The PDF was created directly from scanner at 180 dpi in Text mode with OCR under which is just a matter of checking a box in the setup page. I did not optimize the image area to eliminate white space but will do so in the book proper. That can also be done after the fact.

Adobe Acrobat 8 Pro requires XP Service Pack 2 to install, but I have found that once installed, you can uninstall SP2 if you wish and Adobe still runs without any apparent problems.

I would expect previous releases of Acrobat to give similar results, and I think Version 7 is on MadHatter. Whereas I got mine at Bangkok's IT Mall. About $5.

Unfortunately it is pretty necessary to disassemble the book to get really good scans.

[Edited on 4-8-2007 by Sauron]

Attachment: fmtocintro.pdf (545kB)
This file has been downloaded 2510 times


Lambda - 4-8-2007 at 14:07

Nice Scans @Sauron, a neat Job !

In "PaintShop Pro", what I do, is to select only the "Text Window", and then to save it in TIFF-Format. In this way the Image will cover the whole Page-Format. A few Centimeters left free "above", "under", "left" and "right" can be done by copying and pasting the selection onto a fresh new page, and then to saved it again as TIFF-Image. A "Raster" can be used to align it all out neatly when pasting the Image, just make shore that it is turned "off" when saving the new Image.

By using "PaintShop Pro", spots, smudges, and even slightly rotating the image to alline the whole out neatly can easily be performed.

I "print out" and "Book Bind" my scans, so free space at the sides of the "Text-Window" becomes important, especially at the binding edges where two pages interleave. The Book will then not have to be forcefully bent open to read the adjacent interconnecting Text Parts. Also, after Binding all the Pages together, the Book is then cut on three sides, namely the "outer side", "above" and "under side". Only then do I "past on" the Cover which has already been cut to the appropriate size, slightly bigger (~0.5cm on all free sides) than the Format of the "Book-Page-Window".

Scanning the Book in;

This can be done in two ways, directly via a scanner device (there are many kinds and techniques), or by means of Photocopying the Book and feeding the Scans through a Scanner. Very important is it not to damage the original Book, for I personally consider this to be a crime (there are worse things, I know). In order not to damage the Book Spine, it should not be forcefully bent open, especially "Glued-Cover" Books, the ones that are not Sewn and have a Soft Cover (Paper Backs). Luckily, "sort minded people" have thought out a manner to do this by keeping the Book undamaged. There are Photocopying devices that take images from the edge, meaning that the Book may be bent over the sides at an angle of about 90 Degrees or slightly more, as not to force the Book open 180 Degrees. The Binding Edges and Cover (Spine) are thus not subjected to damaging stressful forces which may ruin the Book. A few examples of what I mean, can be performed by the following Scanners;


HP PlusTek3600

HP PlusTek3600 Scanner is Designed for Book Scanning for $318 (zero edge scanning);
http://gizmodo.com/gadgets/gadgets/copyright+violating-scann...

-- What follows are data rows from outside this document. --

(* Let $\mathcal{G}_n=\mathcal{G}(\mathcal{X}_n\cup\{S,T\};r_n)$ be a random geometric graph with $r_n=\omega(1)\left(\frac{\log n}{n}\right)^{1/d}$. Then $\mathcal{G}_n$ contains a monotone path $\vec\sigma_n\in \Sigma(S,T)$ such that $\mathcal{M}(\vec\sigma_n)=(1+o(1))\mathcal{M}(\vec\sigma^* )$, almost surely.
   Context: Fix a dimension $d\geq 2$. Let $\mathcal{M}:[0,1]^d\rightarrow \mathbb{R}$ be a cost map and $S,T\in[0,1]^d$ start and target points. $\Sigma(S,T)$ denotes the set of continuous paths $\sigma:[0,1]\rightarrow[0,1]^d$ with $\sigma(0)=S$, $\sigma(1)=T$, and the bottleneck cost of a path is $\mathcal{M}(\sigma)=\max_{\tau\in[0,1]}\mathcal{M}(\sigma(\tau))$. For $p=(p_1,\dots,p_d)$, $p'=(p'_1,\dots,p'_d)$, write $p\preceq p'$ if $p_i\leq p'_i$ for all $i$; a path $\sigma$ is monotone if $\sigma(\tau)\preceq\sigma(\tau')$ whenever $0\leq\tau\leq\tau'\leq 1$. For $x\preceq x'$, write $x\preceq_\delta x'$ when $\delta=\min_i\{x'_i-x_i\}$. Let $\mathcal{B}_r(x)$ be the Euclidean ball of radius $r$ around $x$, $\mathcal{B}_r(\sigma)=\bigcup_{\tau\in[0,1]}\mathcal{B}_r(\sigma(\tau))$, and $\textup{Im}(\sigma)$ the image of $\sigma$. A path $\sigma\in\Sigma(S,T)$ is robust if for every $\varepsilon>0$ there is $\delta>0$ such that $\mathcal{M}(\sigma')\leq(1+\varepsilon)\mathcal{M}(\sigma)$ for every $\sigma'\in\Sigma(S,T)$ with $\textup{Im}(\sigma')\subset\mathcal{B}_\delta(\sigma)$. Let $\vec\sigma^*$ be a robustly-optimal monotone path, i.e., a monotone robust path attaining the infimum bottleneck cost over all such paths. Assume there is a constant $\delta'>0$ with $\mathcal{B}_{\delta'}(\vec\sigma^* )\subset[0,1]^d$, and a constant $0<\delta''\leq 1$ with $S\preceq_{\delta''}T$. Let $\mathcal{X}_n$ be $n$ points drawn independently and uniformly at random from $[0,1]^d$. The random geometric graph $\mathcal{G}(\mathcal{X};r_n)$ is the directed graph on vertex set $\mathcal{X}$ with an edge $(x,y)$ for all distinct $x,y\in\mathcal{X}$ with $\|x-y\|_2\leq r_n$; each edge is viewed as the straight-line segment between its endpoints, so a path in the graph is a polygonal curve, and it is monotone if consecutive vertices satisfy $x\preceq y$. An event holds almost surely (a.s.) if its probability tends to $1$ as $n\rightarrow\infty$. Logarithms are natural. *)

theory Defs
  imports "HOL-Probability.Probability"
begin

text \<open>Points of [0,1]^d are vectors in real^'d, d = CARD('d).\<close>

definition unit_cube :: "(real^'d) set" where
  "unit_cube = cbox 0 1"

definition preceq :: "real^'d \<Rightarrow> real^'d \<Rightarrow> bool" where
  "preceq x y \<longleftrightarrow> (\<forall>i. x$i \<le> y$i)"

Plustek Opticbook 3600 Book Scanner for $319.99 (zero edge scanning);
http://www.tigerdirect.ca/applications/SearchTools/item-deta...

The Microtek ScanMaker s450 for only $99 (Zero Boundary Design);
http://www.photonewstoday.com/?p=4879

And here are a few links on how to digitize books;

How to Digitize a Book (Interesting, but he buggers up the book !!);
http://www.jaml.com/eBook/

How to scan a book (Again !!);
http://www.proportionalreading.com/scan.html

Book scanning;
http://en.wikipedia.org/wiki/Book_scanning

There is a lot more to be said about Book Scanning and Book Binding, and hopefully this thread will continue with for instance commentary and advice by @S.C. Wack and @Mephisto who both do a hell of a job. There are also others, but the two above mentioned which come to mind are known to produce quality work in this field.

Regards,

Lambda.

[Edited on 6-8-2007 by Lambda]

Sauron - 4-8-2007 at 17:46

I'm at a point with my eyesight where I have a hard time reading hardcopy of anything and it is far easier to read on a 19 inch flat panel, so scanning for me is no longer a luxury. It's a necessity.

I have now scanned 40% of the Bodanszky book, and all pages after the introduction were cropped to minimize white space.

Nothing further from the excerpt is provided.